De acuerdo con publicaciones del Ministerio de Energía y Minas, las plantas que utilizan carbón mineral representan la principal fuente de emisiones de CO₂ dentro del sistema eléctrico dominicano.
El carbón encabeza el ranking debido a que posee el mayor factor de emisión por unidad de electricidad generada. Las principales emisiones provienen de la Central Termoeléctrica Punta Catalina y de la central Barahona Carbón.
En segundo lugar, se ubican las plantas que operan con fuel oil No. 6, conocido también como bunker C, combustible que además de emitir elevadas cantidades de CO₂ genera otros contaminantes atmosféricos.
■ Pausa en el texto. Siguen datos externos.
lemma feasible_star_mechanism:
  assumes td: "type_dist F f" and pG: "prize_dist G" and ts: "ts \<in> {0..1}"
    and m: "m \<le> EF f (xstar F G ts)"
  shows "feasible f G m (star_mechanism F G ts) (envelope_transfer (xstar F G ts))"
proof -
  let ?x = "xstar F G ts"
  note mx = xstar_mono[OF td pG]
  have xG: "\<And>\<theta>. \<theta> \<in> {0..1} \<Longrightarrow> xG (star_mechanism F G ts) \<theta> = ?x \<theta>"
    using star_mechanism_cdf(2)[OF td pG] by blast
  have "EF_ok f ?x" unfolding EF_ok_def by (rule continuous_times_mono_integrable[OF mx type_distD(4)[OF td]])
  moreover have "EF_ok f (xG (star_mechanism F G ts)) = EF_ok f ?x"
    "EF f (xG (star_mechanism F G ts)) = EF f ?x"
    unfolding EF_ok_def EF_def using xG by (auto intro!: integrable_cong integral_cong)
  ultimately show ?thesis
    unfolding feasible_def
  proof (intro conjI ballI allI)
    fix \<theta> \<theta>' :: real assume th: "\<theta> \<in> {0..1}" "\<theta>' \<in> {0..1}"
    show "\<theta> * xG (star_mechanism F G ts) \<theta>' - envelope_transfer ?x \<theta>'
        \<le> \<theta> * xG (star_mechanism F G ts) \<theta> - envelope_transfer ?x \<theta>"
      using envelope_transfer_IC[OF mx th] xG th by simp
  next
    fix \<theta> :: real assume th: "\<theta> \<in> {0..1}"
    show "cdf01 (star_mechanism F G ts \<theta>)" by (rule star_mechanism_cdf(1)[OF td pG th])
    show "0 \<le> envelope_transfer ?x \<theta>" by (rule envelope_transfer_nonneg[OF mx th])
    show "0 \<le> \<theta> * xG (star_mechanism F G ts) \<theta> - envelope_transfer ?x \<theta>"
      using envelope_utility_nonneg[OF mx xstar_range(1)[OF td pG] th] xG[OF th] by simp
  qed (use star_mechanism_F1[OF td pG ts] m EF_envelope_transfer(1)[OF td mx] in auto)
qed

definition quantile_riemann_sum :: "(real \<Rightarrow> real) \<Rightarrow> real \<Rightarrow> nat \<Rightarrow> real" where
  "quantile_riemann_sum G q n = 1 - (\<Sum>k<n. max q (G (real (Suc k) / real n))) / real n"

lemma EF_xstar_riemann_approx:
  assumes td: "type_dist F f" and pG: "prize_dist G" and ts: "ts \<in> {0..1}" and n: "n > 0"
  shows "\<bar>EF f (xstar F G ts) - quantile_riemann_sum G (F ts) n\<bar> \<le> 1 / real n"
proof -
  have fc: "continuous_on {0..1} f" using type_distD(4)[OF td] .
  have iabs: "(\<lambda>\<theta>. \<bar>f \<theta>\<bar>) integrable_on {0..1}"
    using fc by (intro integrable_continuous_interval continuous_intros)
  have xGe: "\<And>\<theta>. \<theta> \<in> {0..1} \<Longrightarrow> f \<theta> * xstar F G ts \<theta> = f \<theta> * xG (star_mechanism F G ts) \<theta>"
    using star_mechanism_cdf(2)[OF td pG] by simp
  have im: "(\<lambda>\<theta>. f \<theta> * xG (star_mechanism F G ts) \<theta>) integrable_on {0..1}"
    by (rule integrable_eq[OF continuous_times_mono_integrable[OF xstar_mono[OF td pG] fc] xGe])
  note approx = integral_times_mean_approx[OF _ integrable_continuous_interval[OF fc] iabs
      continuous_times_star_mechanism_integrable[OF td pG fc] im n]
  have "integral {0..1} (\<lambda>\<theta>. f \<theta> * xG (star_mechanism F G ts) \<theta>) = EF f (xstar F G ts)"
    unfolding EF_def by (rule integral_cong) (rule sym, erule xGe)
  moreover have "integral {0..1} f = 1"
    using type_distD(6)[OF td, of 1] type_distD(2)[OF td] by (simp add: integral_unique)
  moreover have "integral {0..1} (\<lambda>\<theta>. \<bar>f \<theta>\<bar>) = integral {0..1} f"
    by (rule integral_cong) (use type_distD(5)[OF td] in simp)
  moreover have "(\<Sum>k<n. integral {0..1} (\<lambda>\<theta>. f \<theta> * star_mechanism F G ts \<theta> (real (Suc k) / real n)))
     = (\<Sum>k<n. max (F ts) (G (real (Suc k) / real n)))"
    using density_times_star_mechanism_has_integral[OF td pG ts] n
    by (intro sum.cong) (auto simp: integral_unique)
  ultimately show ?thesis
    using approx star_mechanism_cdf(1)[OF td pG] unfolding quantile_riemann_sum_def by simp
qed

lemma EF_xstar_uniform:
  assumes pG: "prize_dist G" and q: "q \<in> {0..1}"
  shows "EF (\<lambda>_. 1) (xstar (\<lambda>\<theta>. \<theta>) G q) = integral {q..1} (qinv G)"
proof -
  have eqset: "{q..} \<inter> {0..1} = {q..1::real}" using q by auto
  have "((\<lambda>\<theta>. if \<theta> \<in> {q..} then qinv G \<theta> else 0) has_integral integral {q..1} (qinv G)) {0..1}"
    unfolding has_integral_restrict_Int eqset
    using qinv_integrable[OF pG, of q 1] q by (simp add: integrable_integral)
  moreover have "(\<lambda>\<theta>. 1 * xstar (\<lambda>\<theta>. \<theta>) G q \<theta>) = (\<lambda>\<theta>. if \<theta> \<in> {q..} then qinv G \<theta> else 0)"
    by (auto simp: xstar_def fun_eq_iff)
  ultimately show ?thesis unfolding EF_def by (simp add: integral_unique)
qed

text \<open>Both sides have the same Riemann approximations: the right-hand side is the left-hand side
  for uniformly distributed types.\<close>
lemma EF_xstar_eq_integral_qinv:
  assumes td: "type_dist F f" and pG: "prize_dist G" and ts: "ts \<in> {0..1}"
  shows "EF f (xstar F G ts) = integral {F ts..1} (qinv G)"
proof (rule eq_if_common_approx)
  have "F ts \<in> {0..1}" using type_dist_range[OF td] ts by auto
  from EF_xstar_riemann_approx[OF type_dist_uniform pG this]
  show "\<And>n. n > 0 \<Longrightarrow> \<bar>integral {F ts..1} (qinv G) - quantile_riemann_sum G (F ts) n\<bar> \<le> 1 / real n"
    unfolding EF_xstar_uniform[OF pG \<open>F ts \<in> {0..1}\<close>] by simp
qed (rule EF_xstar_riemann_approx[OF td pG ts])

lemma cdf_mean_eq_integral_qinv:
  assumes pG: "prize_dist G"
  shows "cdf_mean G = integral {0..1} (qinv G)"
proof (rule eq_if_common_approx[where c="quantile_riemann_sum G 0"])
  fix n :: nat assume n: "n > 0"
  show "\<bar>integral {0..1} (qinv G) - quantile_riemann_sum G 0 n\<bar> \<le> 1 / real n"
    using EF_xstar_riemann_approx[OF type_dist_uniform pG _ n, of 0] EF_xstar_uniform[OF pG, of 0] by simp
  have "quantile_riemann_sum G 0 n = 1 - cdf_riemann_sum n G"
    unfolding quantile_riemann_sum_def cdf_riemann_sum_def using prize_distD(4)[OF pG] by simp
  then show "\<bar>cdf_mean G - quantile_riemann_sum G 0 n\<bar> \<le> 1 / real n"
    using cdf_mean_riemann_bounds[OF prize_distD(1)[OF pG] n] by simp
qed

definition star_quality :: "(real \<Rightarrow> real) \<Rightarrow> (real \<Rightarrow> real) \<Rightarrow> (real \<Rightarrow> real) \<Rightarrow> real \<Rightarrow> real" where
  "star_quality F f G ts = EF f (xstar F G ts)"

definition star_effort :: "(real \<Rightarrow> real) \<Rightarrow> (real \<Rightarrow> real) \<Rightarrow> (real \<Rightarrow> real) \<Rightarrow> real \<Rightarrow> real" where
  "star_effort F f G ts = integral {0..1} (\<lambda>\<theta>. virtual_surplus F f \<theta> * xstar F G ts \<theta>)"

lemma star_quality_0:
  assumes "type_dist F f" "prize_dist G"
  shows "star_quality F f G 0 = cdf_mean G"
  using EF_xstar_eq_integral_qinv[OF assms, of 0] cdf_mean_eq_integral_qinv[OF assms(2)]
    type_distD(1)[OF assms(1)]
  unfolding star_quality_def by simp

lemma star_quality_lipschitz:
  assumes td: "type_dist F f" and pG: "prize_dist G" and M: "\<And>\<theta>. \<theta> \<in> {0..1} \<Longrightarrow> \<bar>f \<theta>\<bar> \<le> M"
    and t: "0 \<le> t1" "t1 \<le> t2" "t2 \<le> 1"
  shows "0 \<le> star_quality F f G t2" "star_quality F f G t2 \<le> star_quality F f G t1"
    "star_quality F f G t1 - star_quality F f G t2 \<le> M * (t2 - t1)"
proof -
  have Fm: "0 \<le> F t1" "F t1 \<le> F t2" "F t2 \<le> 1"
    using type_dist_mono[OF td t] type_dist_range[OF td, of t1] type_dist_range[OF td, of t2] t by auto
  have q01: "\<And>q. q \<in> {F t1..F t2} \<Longrightarrow> 0 \<le> qinv G q \<and> qinv G q \<le> 1"
    using qinv_range[OF pG] Fm by auto
  have "integral {F t1..1} (qinv G) = integral {F t1..F t2} (qinv G) + integral {F t2..1} (qinv G)"
    using Henstock_Kurzweil_Integration.integral_combine[OF Fm(2,3) qinv_integrable[OF pG Fm(1)]] Fm by simp
  moreover have "0 \<le> integral {F t2..1} (qinv G)"
    by (rule integral_nonneg[OF qinv_integrable[OF pG]]) (use Fm qinv_range[OF pG] in auto)
  moreover have "0 \<le> integral {F t1..F t2} (qinv G)"
    by (rule integral_nonneg[OF qinv_integrable[OF pG]]) (use Fm q01 in auto)
  moreover have "integral {F t1..F t2} (qinv G) \<le> integral {F t1..F t2} (\<lambda>_. 1)"
    by (rule integral_le[OF qinv_integrable[OF pG] integrable_const_ivl]) (use Fm q01 in auto)
  moreover have "star_quality F f G t = integral {F t..1} (qinv G)" if "t \<in> {t1, t2}" for t
    unfolding star_quality_def using EF_xstar_eq_integral_qinv[OF td pG] that t by auto
  ultimately show "0 \<le> star_quality F f G t2" "star_quality F f G t2 \<le> star_quality F f G t1"
    "star_quality F f G t1 - star_quality F f G t2 \<le> M * (t2 - t1)"
    using type_dist_lipschitz[OF td M t] Fm by auto
qed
Entre ellas figuran Karpowership, Quisqueya I y II y Palamara.
Las centrales alimentadas con gas natural ocupan la tercera posición. Aunque también producen emisiones de carbono, presentan una combustión más eficiente y menor intensidad de emisiones por megavatio-hora que el carbón y el fuel oil. Entre las principales instalaciones se encuentran AES Andrés, CESPM (Cogentrix) y las barcazas de Estrella del Mar.
El fuel oil No. 2 representa la menor participación dentro del SENI. Se emplea principalmente como combustible de respaldo para el arranque de unidades o durante períodos de alta demanda, aportando aproximadamente el 0.5 % de la matriz de generación.